The cross-dressing exterminator convicted of rape
in Kensington, Ohio, sentenced
to seventy-two years without bail, the policeman killed
stopping a burglary in Thermopolis, WY – could they
have imagined a Florida painter with their name
communicating with extraterrestrials through sculptures
made out of railroad tracks, or being written about 
in a poem by another member of their redundant family
for a reason none of us can explain?

Sometimes I fear I’m imaginary, don’t really exist.
Catch myself wondering why I only seem to like myself
when, say, I’m wearing a teacher’s face –
because I see myself only through others’ eyes?
In that case, who am I really? Alone at night,
watching a ball game, I’m always surprised when 
I speak to myself in the third person, wondering why
this man cares so much about something he plays no part in.

It’s easier to wonder why Nietzsche sought
his soul’s sympathy, a truth he knew he’d despise,
probably feared he wouldn’t survive. To imagine him up late,
seeking his ever-evolving, unidentifiable self,
a past more inhabitable and less unforgiving,
anxious to know why someone with his name would say,
“Poets lie too much, who among us has not adulterated his wine?”

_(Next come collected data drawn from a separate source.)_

definition isomorphic :: "'a set \<Rightarrow> ('a \<Rightarrow> 'a \<Rightarrow> bool) \<Rightarrow> 'b set \<Rightarrow> ('b \<Rightarrow> 'b \<Rightarrow> bool) \<Rightarrow> bool" where
  "isomorphic V1 A1 V2 A2 \<longleftrightarrow> (\<exists>\<phi>. graph_iso V1 A1 V2 A2 \<phi>)"

text \<open>A finite simple graph Gamma given by vertex set W and edge set Ed (each edge a
2-element subset of W). Vertices are taken in nat (every finite graph has such a copy).\<close>
definition edge_graph :: "nat set \<Rightarrow> nat set set \<Rightarrow> bool" where
  "edge_graph W Ed \<longleftrightarrow> finite W \<and> (\<forall>e\<in>Ed. e \<subseteq> W \<and> card e = 2)"

definition line_adj :: "nat set set \<Rightarrow> nat set \<Rightarrow> nat set \<Rightarrow> bool" where
  "line_adj Ed p q \<longleftrightarrow> p \<in> Ed \<and> q \<in> Ed \<and> p \<noteq> q \<and> p \<inter> q \<noteq> {}"

definition gain_graph :: "'v set \<Rightarrow> ('v \<Rightarrow> 'v \<Rightarrow> bool) \<Rightarrow> ('v \<Rightarrow> 'v \<Rightarrow> 'g::group_add) \<Rightarrow> bool" where
  "gain_graph V A \<zeta> \<longleftrightarrow> simple_graph V A \<and> (\<forall>u v. A u v \<longrightarrow> \<zeta> v u = - \<zeta> u v)"

text \<open>Gain-line graph w.r.t. s: there are a graph Gamma, an isomorphism phi from L(Gamma) to L,
and a G-phase H of Gamma (H r e is the entry for the incident pair vertex r, edge e; entries for
non-incident pairs are irrelevant) with Psi_L(H) = zeta o phi, where
Psi_L(H)(p,q) = s (H r p)^-1 (H r q) for the common endpoint r of p and q.\<close>
definition gain_line_graph :: "'g::group_add \<Rightarrow> 'v set \<Rightarrow> ('v \<Rightarrow> 'v \<Rightarrow> bool) \<Rightarrow> ('v \<Rightarrow> 'v \<Rightarrow> 'g) \<Rightarrow> bool" where
  "gain_line_graph s V A \<zeta> \<longleftrightarrow>
     (\<exists>W Ed \<phi> (H :: nat \<Rightarrow> nat set \<Rightarrow> 'g).
        edge_graph W Ed \<and> graph_iso Ed (line_adj Ed) V A \<phi> \<and>
        (\<forall>p\<in>Ed. \<forall>q\<in>Ed. \<forall>r. p \<noteq> q \<and> r \<in> p \<and> r \<in> q \<longrightarrow>
            \<zeta> (\<phi> p) (\<phi> q) = s + - H r p + H r q))"

definition triangle :: "'v set \<Rightarrow> ('v \<Rightarrow> 'v \<Rightarrow> bool) \<Rightarrow> 'v \<Rightarrow> 'v \<Rightarrow> 'v \<Rightarrow> bool" where
  "triangle V A a b c \<longleftrightarrow> a \<in> V \<and> b \<in> V \<and> c \<in> V \<and> A a b \<and> A b c \<and> A c a"

definition odd_triangle :: "'v set \<Rightarrow> ('v \<Rightarrow> 'v \<Rightarrow> bool) \<Rightarrow> 'v \<Rightarrow> 'v \<Rightarrow> 'v \<Rightarrow> bool" where
  "odd_triangle V A a b c \<longleftrightarrow> triangle V A a b c \<and>
     (\<exists>w\<in>V. odd (card {x \<in> {a, b, c}. A w x}))"

definition triangle_gain :: "('v \<Rightarrow> 'v \<Rightarrow> 'g::group_add) \<Rightarrow> 'v \<Rightarrow> 'v \<Rightarrow> 'v \<Rightarrow> 'g" where
  "triangle_gain \<zeta> a b c = \<zeta> a b + \<zeta> b c + \<zeta> c a"

text \<open>F1: diamond (K4 minus the edge 2-3).\<close>
definition F1_adj :: "nat \<Rightarrow> nat \<Rightarrow> bool" where
  "F1_adj x y \<longleftrightarrow> x < 4 \<and> y < 4 \<and> x \<noteq> y \<and> {x, y} \<noteq> {2, 3}"

text \<open>F2: wheel with hub 0 and 4-cycle 1-2-3-4-1.\<close>
definition F2_adj :: "nat \<Rightarrow> nat \<Rightarrow> bool" where
  "F2_adj x y \<longleftrightarrow> {x, y} \<in> {{0,1},{0,2},{0,3},{0,4},{1,2},{2,3},{3,4},{4,1}}"

text \<open>F3: octahedron K_{2,2,2} with parts {0,1},{2,3},{4,5}.\<close>
definition F3_adj :: "nat \<Rightarrow> nat \<Rightarrow> bool" where
  "F3_adj x y \<longleftrightarrow> x < 6 \<and> y < 6 \<and> x div 2 \<noteq> y div 2"

end

theory Submission
  imports Defs
begin

text \<open>
  A triangle of a line graph L(\<Gamma>) consists either of three edges of \<Gamma> through a common
  vertex (a star triangle) or of the three edges of a triangle of \<Gamma>. Every edge of \<Gamma> meets an
  even number of the edges of a triangle of \<Gamma>, so odd triangles are star triangles. In a
  gain-line graph a star triangle at r has gain
  (s - H r p + H r q) + (s - H r q + H r t) + (s - H r t + H r p) = s + s + s = s,
  as s is a central involution. Conversely, if every star triangle has gain s, the gains from a
  fixed reference edge at each vertex r of \<Gamma> form a phase.

  So it suffices to pick a root graph \<Gamma> whose star triangles are all odd. If the star triangle of
  the edges ra, rb, rc is even, then every edge meeting {r, a, b, c} lies inside this set, so by
  connectivity \<Gamma> lives on these four vertices: L is then F1, F2, F3, or the line graph of the
  claw, which is also the line graph of a triangle, a root graph without star triangles.
\<close>

section \<open>Graph isomorphisms\<close>

lemma graph_iso_inv_into:
  assumes "graph_iso V1 A1 V2 A2 f"
  shows "graph_iso V2 A2 V1 A1 (inv_into V1 f)"
proof -
  have bij: "bij_betw f V1 V2" and adj: "\<forall>x\<in>V1. \<forall>y\<in>V1. A1 x y \<longleftrightarrow> A2 (f x) (f y)"
    using assms unfolding graph_iso_def by auto
  have "A2 x y \<longleftrightarrow> A1 (inv_into V1 f x) (inv_into V1 f y)" if "x \<in> V2" "y \<in> V2" for x y
    using adj that bij bij_betw_inv_into_right[OF bij] bij_betw_apply[OF bij_betw_inv_into[OF bij]]
    by metis
  then show ?thesis
    unfolding graph_iso_def using bij_betw_inv_into[OF bij] by blast
qed

lemma graph_iso_comp:
  assumes "graph_iso V1 A1 V2 A2 f" "graph_iso V2 A2 V3 A3 g"
  shows "graph_iso V1 A1 V3 A3 (g \<circ> f)"
  using assms unfolding graph_iso_def
  by (auto intro: bij_betw_trans) (metis bij_betw_apply)+

lemma isomorphic_sym: "isomorphic V1 A1 V2 A2 \<Longrightarrow> isomorphic V2 A2 V1 A1"
  unfolding isomorphic_def using graph_iso_inv_into by blast

lemma isomorphic_trans:
  "isomorphic V1 A1 V2 A2 \<Longrightarrow> isomorphic V2 A2 V3 A3 \<Longrightarrow> isomorphic V1 A1 V3 A3"
  unfolding isomorphic_def using graph_iso_comp by blast

lemma isomorphic_listing:
  assumes "distinct xs" "length xs = n"
    and "\<forall>i\<in>{..<n}. \<forall>j\<in>{..<n}. B i j \<longleftrightarrow> R (xs ! i) (xs ! j)"
  shows "isomorphic (set xs) R {0..<n} B"
proof -
  have "graph_iso {0..<n} B (set xs) R (nth xs)"
    unfolding graph_iso_def using assms by (auto intro!: bij_betw_nth)
  then show ?thesis
    unfolding isomorphic_def using graph_iso_inv_into by blast
qed

lemma graph_connected_iso:
  assumes iso: "graph_iso V1 A1 V2 A2 f" and sg: "simple_graph V2 A2"
    and conn: "graph_connected V2 A2"
  shows "graph_connected V1 A1"
proof -
  have bij: "bij_betw f V1 V2" and adj: "\<forall>x\<in>V1. \<forall>y\<in>V1. A1 x y \<longleftrightarrow> A2 (f x) (f y)"
    using iso unfolding graph_iso_def by auto
  have reach: "\<exists>y\<in>V1. w = f y \<and> A1\<^sup>*\<^sup>* x y" if "x \<in> V1" "A2\<^sup>*\<^sup>* (f x) w" for x w
    using that(2)
  proof (induction rule: rtranclp_induct)
    case base
    then show ?case using that(1) by blast
  next
    case (step w w')
    then obtain y where y: "y \<in> V1" "w = f y" "A1\<^sup>*\<^sup>* x y" by blast
    have "w' \<in> V2" using step.hyps(2) sg unfolding simple_graph_def by blast
    then obtain y' where y': "y' \<in> V1" "w' = f y'"
      using bij by (metis bij_betw_inv_into_right bij_betw_apply bij_betw_inv_into)
    then have "A1 y y'" using adj y step.hyps(2) by blast
    then show ?case using y y' by (blast intro: rtranclp.rtrancl_into_rtrancl)
  qed
  have "A1\<^sup>*\<^sup>* x y" if x: "x \<in> V1" and y: "y \<in> V1" for x y
  proof -
    have "A2\<^sup>*\<^sup>* (f x) (f y)"
      using conn x y bij_betw_apply[OF bij] unfolding graph_connected_def by blast
    then obtain y' where "y' \<in> V1" "f y = f y'" "A1\<^sup>*\<^sup>* x y'" using reach x by blast
    then show ?thesis using y bij unfolding bij_betw_def by (metis inj_onD)
  qed
  moreover have "V1 \<noteq> {}" using conn bij unfolding graph_connected_def bij_betw_def by blast
  ultimately show ?thesis unfolding graph_connected_def by blast
qed

lemma card_neighbours_iso:
  assumes "graph_iso V1 A1 V2 A2 f" "T \<subseteq> V1" "e \<in> V1"
  shows "card {x \<in> f ` T. A2 (f e) x} = card {y \<in> T. A1 e y}"
proof -
  have inj: "inj_on f V1" and adj: "\<forall>x\<in>V1. \<forall>y\<in>V1. A1 x y \<longleftrightarrow> A2 (f x) (f y)"
    using assms(1) unfolding graph_iso_def bij_betw_def by auto
  have "{x \<in> f ` T. A2 (f e) x} = f ` {y \<in> T. A1 e y}"
    using adj assms(2,3) by auto
  moreover have "inj_on f {y \<in> T. A1 e y}"
    by (rule inj_on_subset[OF inj]) (use assms(2) in auto)
  ultimately show ?thesis by (simp add: card_image)
qed

lemma odd_triangle_iso_iff:
  assumes iso: "graph_iso V1 A1 V2 A2 f" and "a \<in> V1" "b \<in> V1" "c \<in> V1"
  shows "odd_triangle V2 A2 (f a) (f b) (f c) \<longleftrightarrow> odd_triangle V1 A1 a b c"
proof -
  have bij: "bij_betw f V1 V2" and adj: "\<forall>x\<in>V1. \<forall>y\<in>V1. A1 x y \<longleftrightarrow> A2 (f x) (f y)"
    using iso unfolding graph_iso_def by auto
  have tri: "triangle V2 A2 (f a) (f b) (f c) \<longleftrightarrow> triangle V1 A1 a b c"
    using assms(2-4) adj bij_betw_apply[OF bij] unfolding triangle_def by blast
  have "(\<exists>w\<in>V2. odd (card {x \<in> {f a, f b, f c}. A2 w x})) \<longleftrightarrow>
        (\<exists>e\<in>V1. odd (card {x \<in> {a, b, c}. A1 e x}))"
    using card_neighbours_iso[OF iso, of "{a, b, c}"] assms(2-4) bij
    by (auto simp: bij_betw_def)
  then show ?thesis using tri unfolding odd_triangle_def by blast
qed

Late at night the Web is a dangerous swamp
of voyeuristic self-scrutiny and addictive impersonation,
the ego testifying for and against itself, seeking evidence
of triumph and complicity, sanction without malice,
pretext or God. Who is this man obsessively looking up
all his persona narrators, feeling like a hodgepodge,
trapped somewhere between heaven and earth,
spitting against the wind? Is it because he knows
he’s getting closer to the end, will soon vanish
and become nothing? Is this why he’s studying
everyone who answers to his name, because
one may have invented time or sympathy or God 
and will love him, even momentarily, for who he is?